Problem Set 10. Quantum Computing with QuTiP

In [3]:
%matplotlib inline
from IPython.display import Image
from qutip import *    # here is where we import QuTiP
from qutip.qip.operations import cnot   # CNOT op
from qutip.qip.operations import snot   # Hadamard op
from qutip.qip.circuit import QubitCircuit
import numpy as np

We are using the QuTiP package which is a Quantum Toolbox in Python, see http://qutip.org/

You will need to install QuTiP to do this assignment

you may need to do this: conda config --add channels conda-forge before you conda install qutip
Alternatively you can pip install qutip

For information on quantum gates see http://en.wikipedia.org/wiki/Quantum_gate

Basic operations in QuTiP http://qutip.org/docs/latest/guide/guide-basics.html?highlight=multiply

Tensor products in QuTiP http://qutip.org/docs/latest/guide/guide-tensor.html

For a tutorial using QuTiP to apply quantum gates https://nbviewer.jupyter.org/github/qutip/qutip-notebooks/blob/master/examples/quantum-gates.ipynb

Problem 1. The Deutsch black box problem

We have an unknown function $f(x)$ that takes either 0 or 1 and returns 0 or 1. There are 4 possibilities for this function $$f(x) = 0 \qquad f(x) = 1 \qquad f(x) =x \qquad f(x) = {\rm NOT}\ x $$ The left two possibilities are constant and the right two are balanced.

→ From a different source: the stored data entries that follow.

(* Let $X$ be a finite-dimensional real Banach space and let $A \subset X$ be a bounded set with $d(0, A) > 0$. Let $I$ be an index set with $m$ elements and $\{x_i : i \in I\} \subset S_X$. If for every selection $\phi$ of the subdifferential mapping $\partial\|\cdot\|$ one has $\sup_{i \in I} \phi(x_i)(x) > 0$ for every $x \in \overline{A}$, then there exist $y_i \in \mathbb{R}^+ x_i$ and $r_i > 0$ with $\|y_i\| \ge r_i$ for all $i \in I$ such that $\{B(y_i, r_i)\}_{i \in I}$ covers $A$.
   Context: $d(0,A)=\inf\{\|a\|:a\in A\}$; $\overline{A}$ is the closure. $\mathbb{R}^+ x_i = \{ t x_i : t > 0\}$; $B(c,r) = \{ z : \|c - z\| < r\}$. $\partial\|x\| = \{ x^* \in S_{X^*} : x^*(x) = \|x\|\}$ for $x \neq 0$; a selection of $\partial\|\cdot\|$ is a map $\phi$ with $\phi(x) \in \partial\|x\|$ for each non-zero $x$. *)

theory Defs
  imports "HOL-Analysis.Analysis"
begin

definition norm_subdiff :: "'a::real_normed_vector \<Rightarrow> ('a \<Rightarrow>\<^sub>L real) set" where
  "norm_subdiff x = {f. norm f = 1 \<and> blinfun_apply f x = norm x}"

definition is_subdiff_selection :: "('a::real_normed_vector \<Rightarrow> ('a \<Rightarrow>\<^sub>L real)) \<Rightarrow> bool" where
  "is_subdiff_selection \<phi> \<longleftrightarrow> (\<forall>x. x \<noteq> 0 \<longrightarrow> \<phi> x \<in> norm_subdiff x)"

end

theory Submission
  imports Defs
begin

text \<open>
  Suppose a point \<open>z\<close> of the closure of \<open>A\<close> lies in none of the balls \<open>B(t x\<^sub>i, t)\<close>, \<open>t > 0\<close>.
  For each \<open>i\<close> this means \<open>\<parallel>x\<^sub>i - s z\<parallel> \<ge> 1\<close> for all \<open>s \<ge> 0\<close>, and a Hahn-Banach argument
  (in finite dimensions: extend a norm-dominated functional one vector at a time) gives a
  norming functional of \<open>x\<^sub>i\<close> that is \<open>\<le> 0\<close> at \<open>z\<close>. Using these functionals at the points
  \<open>x\<^sub>i\<close> and arbitrary norming functionals elsewhere yields a selection of \<open>\<partial>\<parallel>\<cdot>\<parallel>\<close>
  violating the hypothesis. So these balls cover the closure of \<open>A\<close>, which is compact because
  the space is finite-dimensional; since \<open>B(t x\<^sub>i, t)\<close> grows with \<open>t\<close>, one radius \<open>T\<close> serves
  all points, and \<open>y\<^sub>i = T x\<^sub>i\<close>, \<open>r\<^sub>i = T\<close> work.
\<close>

lemma compact_coordinate_box:
  "compact (PiE UNIV (\<lambda>b. if b \<in> C then {-R..R} else {0::real}))"
proof -
  have "compactin (product_topology (\<lambda>_. euclidean) UNIV)
          (PiE UNIV (\<lambda>b. if b \<in> C then {-R..R} else {0::real}))"
    by (subst compactin_PiE) auto
  then show ?thesis by (simp add: euclidean_product_topology)
qed

lemma mem_coordinate_box_iff:
  "l \<in> PiE UNIV (\<lambda>b. if b \<in> C then {-R..R} else {0::real})
     \<longleftrightarrow> (\<forall>b\<in>C. \<bar>l b\<bar> \<le> R) \<and> (\<forall>b. b \<notin> C \<longrightarrow> l b = 0)"
  by (auto simp: PiE_iff abs_le_iff)

lemma coordinates_norm_lower_bound_of_unit_sum:
  fixes C :: "'a::real_normed_vector set"
  assumes "finite C"
    and unit: "\<And>l. (\<Sum>b\<in>C. \<bar>l b\<bar>) = 1 \<Longrightarrow> m \<le> norm (\<Sum>b\<in>C. l b *\<^sub>R b)"
  shows "m * (\<Sum>b\<in>C. \<bar>l b\<bar>) \<le> norm (\<Sum>b\<in>C. l b *\<^sub>R b)"
proof (cases "(\<Sum>b\<in>C. \<bar>l b\<bar>) = 0")
  case True
  then show ?thesis by simp
next
  case False
  define s where "s = (\<Sum>b\<in>C. \<bar>l b\<bar>)"
  have "s > 0" using False by (simp add: s_def order_less_le sum_nonneg)
  have "(\<Sum>b\<in>C. \<bar>l b / s\<bar>) = 1"
    using \<open>s > 0\<close> by (simp add: s_def sum_divide_distrib[symmetric])
  then have "m \<le> norm (\<Sum>b\<in>C. (l b / s) *\<^sub>R b)" by (rule unit)
  also have "(\<Sum>b\<in>C. (l b / s) *\<^sub>R b) = (1 / s) *\<^sub>R (\<Sum>b\<in>C. l b *\<^sub>R b)"
    by (simp add: scaleR_sum_right)
  finally show ?thesis using \<open>s > 0\<close> by (simp add: s_def field_simps)
qed

lemma independent_coordinates_norm_lower_bound:
  fixes C :: "'a::real_normed_vector set"
  assumes "finite C" "independent C"
  shows "\<exists>m>0. \<forall>l. m * (\<Sum>b\<in>C. \<bar>l b\<bar>) \<le> norm (\<Sum>b\<in>C. l b *\<^sub>R b)"
proof (cases "C = {}")
  case True
  then show ?thesis by (auto intro: exI[of _ 1])
next
  case False
  then obtain b0 where "b0 \<in> C" by blast
  define E where "E l = (\<Sum>b\<in>C. l b *\<^sub>R b)" for l :: "'a \<Rightarrow> real"
  define K where "K = PiE UNIV (\<lambda>b. if b \<in> C then {-1..1} else {0::real})
                      \<inter> {l. (\<Sum>b\<in>C. \<bar>l b\<bar>) = 1}"
  have "closed {l :: 'a \<Rightarrow> real. (\<Sum>b\<in>C. \<bar>l b\<bar>) = 1}"
    by (intro closed_Collect_eq continuous_intros) auto
  then have "compact K"
    unfolding K_def by (rule compact_Int_closed[OF compact_coordinate_box])
  moreover have "(\<lambda>b. if b = b0 then 1 else 0) \<in> K"
    unfolding K_def using \<open>b0 \<in> C\<close> \<open>finite C\<close>
    by (auto simp: mem_coordinate_box_iff if_distrib cong: if_cong)
  moreover have "continuous_on K (\<lambda>l. norm (E l))"
    unfolding E_def
    by (rule continuous_on_subset[of UNIV]) (intro continuous_intros, auto)
  ultimately obtain l0 where l0: "l0 \<in> K" "\<forall>l\<in>K. norm (E l0) \<le> norm (E l)"
    using continuous_attains_inf[of K "\<lambda>l. norm (E l)"] by blast
  have "E l0 \<noteq> 0"
  proof
    assume "E l0 = 0"
    then have "\<forall>b\<in>C. l0 b = 0"
      using assms dependent_finite[of C] unfolding E_def by metis
    then show False using l0(1) unfolding K_def by simp
  qed
  have "norm (E l0) \<le> norm (E l)" if "(\<Sum>b\<in>C. \<bar>l b\<bar>) = 1" for l
  proof -
    define l' where "l' b = (if b \<in> C then l b else 0)" for b
    have "\<bar>l b\<bar> \<le> 1" if "b \<in> C" for b
      using member_le_sum[of b C "\<lambda>b. \<bar>l b\<bar>"] that \<open>finite C\<close> \<open>(\<Sum>b\<in>C. \<bar>l b\<bar>) = 1\<close> by simp
    with \<open>(\<Sum>b\<in>C. \<bar>l b\<bar>) = 1\<close> have "l' \<in> K"
      unfolding K_def by (simp add: mem_coordinate_box_iff l'_def)
    moreover have "E l' = E l" unfolding E_def l'_def by (intro sum.cong) auto
    ultimately show ?thesis using l0(2) by metis
  qed
  then have "\<forall>l. norm (E l0) * (\<Sum>b\<in>C. \<bar>l b\<bar>) \<le> norm (E l)"
    unfolding E_def using coordinates_norm_lower_bound_of_unit_sum[OF \<open>finite C\<close>] by blast
  moreover have "norm (E l0) > 0" using \<open>E l0 \<noteq> 0\<close> by simp
  ultimately have "\<exists>m>0. \<forall>l. m * (\<Sum>b\<in>C. \<bar>l b\<bar>) \<le> norm (E l)" by blast
  then show ?thesis unfolding E_def .
qed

We want to determine if $f(x)$ is constant or balanced and with a single measurement and a single query. This is impossible with a classical computer but is possible with a quantum computer.

Implement the Deutsch algorithm as shown in this figure as a quantum circuit with 2 qubits.

The Figure represents a series of operations on an initial state $$ ({\bf H} \otimes {\bf I} ) * {\bf U}_f * ({\bf H} \otimes {\bf H}) |01\rangle$$

Note that operations are left to right in the figure but right to left in the equation above.

You create the state $|01\rangle$. The $\bf H$ are Hadarmard operators and ${\bf U}_f$ is an operator in the 2 qubit space that depends on the function $f()$.

You operate on the state with ${\bf H} \otimes {\bf H}$. You operate on the resulting state with $U_f$. Then you operate on the resulting state with ${\bf H} \otimes {\bf I}$. Then you measure the first qubit (top in figure). The algorithm determines whether the function is balanced or constant from the measurement.

$U_f$ takes $|x,y\rangle \to |x, y + f(x)\rangle$. $U_f$ does this \begin{align} |00\rangle &\to |0,0+f(0)\rangle = |0,f(0)\rangle \\ |01\rangle &\to |0,1+f(0)\rangle = |0,NOT \ f(0)\rangle \\ |10\rangle &\to |0,0+f(1)\rangle = |1, f(1)\rangle \\ |11\rangle &\to |0,1+f(1)\rangle = |1, NOT\ f(1)\rangle \end{align}

  • If $f(x)=0$, $U_f$ is the identity.

  • If $f(x)=1$, $U_f$ flips the second qubit; $$U_f = I \otimes \sigma_x$$

  • If $f(x) = x$, then $U_f$ only flips the second qubit if the first qubit is This is a CNOT (a controlled NOT) with control the first bit and target the second bit $$U_f = {\rm CNOT(control=0,target=1)}$$

  • If $f(x) = {\rm NOT} \ x$ then $U_f$ flips the second qubit if the first qubit is 0. This is a CNOT with target the second bit but with control the NOT of the first bit.
    $$U_f = {\rm CNOT(control=0,target=1)} * ( \sigma_x \otimes I) $$

I have written a routine below that gives you $U_f$.

a. Write a routine that simulates the circuit with a series of quantum operators applied to an initial state. You want to be able to do this four times, once for each type of function $f()$. Take a look at the function $U_f$ below and consider passing a string to your routine allowing you to choose the black box function $f()$. Your circuit should create the ket $|01\rangle$ and tensor operators for the Hadamard operations. Your routine should apply the operators in the quantum circuit to the ket. Then your routine should return the probability that the first qubit in the final state is 0.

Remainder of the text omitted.